> **What to do**: Within the data below, copy each line where the string "distinct" is found.

Collected data entries:
lemma two_plus_two_freeD:
  assumes "two_plus_two_free r" "distinct [i, j, k, l]"
    "strictly_below r i j" "strictly_below r k l"
    "incomparable r i k" "incomparable r i l" "incomparable r j k" "incomparable r j l"
  shows False
  using assms unfolding two_plus_two_free_def by blast

lemma two_plus_two_free_iff_not_contains_M123:
  assumes nl: "naturally_labelled r"
  shows "two_plus_two_free r \<longleftrightarrow> \<not> contains_M1 r \<and> \<not> contains_M2 r \<and> \<not> contains_M3 r"
proof
  have inc: "incomparable r x y" "incomparable r y x" if "x < y" "(x, y) \<notin> r" for x y
    using that naturally_labelledD[OF nl, of y x] by (auto simp: incomparable_def)
  assume free: "two_plus_two_free r"
  have "\<not> contains_M1 r"
  proof
    assume "contains_M1 r"
    then obtain a b c d where "a < b" "b < c" "c < d"
      "(a, b) \<in> r" "(a, c) \<notin> r" "(a, d) \<notin> r" "(b, c) \<notin> r" "(b, d) \<notin> r" "(c, d) \<in> r"
      unfolding contains_M1_def by blast
    then show False
      using two_plus_two_freeD[OF free, of a b c d] inc[of a c] inc[of a d] inc[of b c] inc[of b d]
      by (simp add: strictly_below_def)
  qed
  moreover have "\<not> contains_M2 r"
  proof
    assume "contains_M2 r"
    then obtain a b c d where "a < b" "b < c" "c < d"
      "(a, b) \<notin> r" "(a, c) \<in> r" "(a, d) \<notin> r" "(b, c) \<notin> r" "(b, d) \<in> r" "(c, d) \<notin> r"
      unfolding contains_M2_def by blast
    then show False
      using two_plus_two_freeD[OF free, of a c b d] inc[of a b] inc[of a d] inc[of b c] inc[of c d]
      by (simp add: strictly_below_def)
  qed
  moreover have "\<not> contains_M3 r"
  proof
    assume "contains_M3 r"
    then obtain a b c d where "a < b" "b < c" "c < d"
      "(a, b) \<notin> r" "(a, c) \<notin> r" "(a, d) \<in> r" "(b, c) \<in> r" "(b, d) \<notin> r" "(c, d) \<notin> r"
      unfolding contains_M3_def by blast
    then show False
      using two_plus_two_freeD[OF free, of a d b c] inc[of a b] inc[of a c] inc[of b d] inc[of c d]
      by (simp add: strictly_below_def)
  qed
  ultimately show "\<not> contains_M1 r \<and> \<not> contains_M2 r \<and> \<not> contains_M3 r" by blast
next
  assume avoids: "\<not> contains_M1 r \<and> \<not> contains_M2 r \<and> \<not> contains_M3 r"
  show "two_plus_two_free r"
    unfolding two_plus_two_free_def
  proof
    assume "\<exists>i j k l. distinct [i, j, k, l] \<and> strictly_below r i j \<and> strictly_below r k l \<and>
      incomparable r i k \<and> incomparable r i l \<and> incomparable r j k \<and> incomparable r j l"
    then obtain i j k l where "distinct [i, j, k, l]" "(i, j) \<in> r" "(k, l) \<in> r"
      "incomparable r i k" "incomparable r i l" "incomparable r j k" "incomparable r j l"
      unfolding strictly_below_def by blast
    moreover from this have "i < j" "k < l"
      using naturally_labelledD[OF nl] by auto
    ultimately show False
      using incomparable_chains_contain_M123[of i j r k l]
        incomparable_chains_contain_M123[of k l r i j] avoids
      by (cases "i < k") (auto simp: incomparable_sym)
  qed
qed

> **Written answer**:
  assumes "two_plus_two_free r" "distinct [i, j, k, l]"
    assume "\<exists>i j k l. distinct [i, j, k, l] \<and> strictly_below r i j \<and> strictly_below r k l \<and>
    then obtain i j k l where "distinct [i, j, k, l]" "(i, j) \<in> r" "(k, l) \<in> r"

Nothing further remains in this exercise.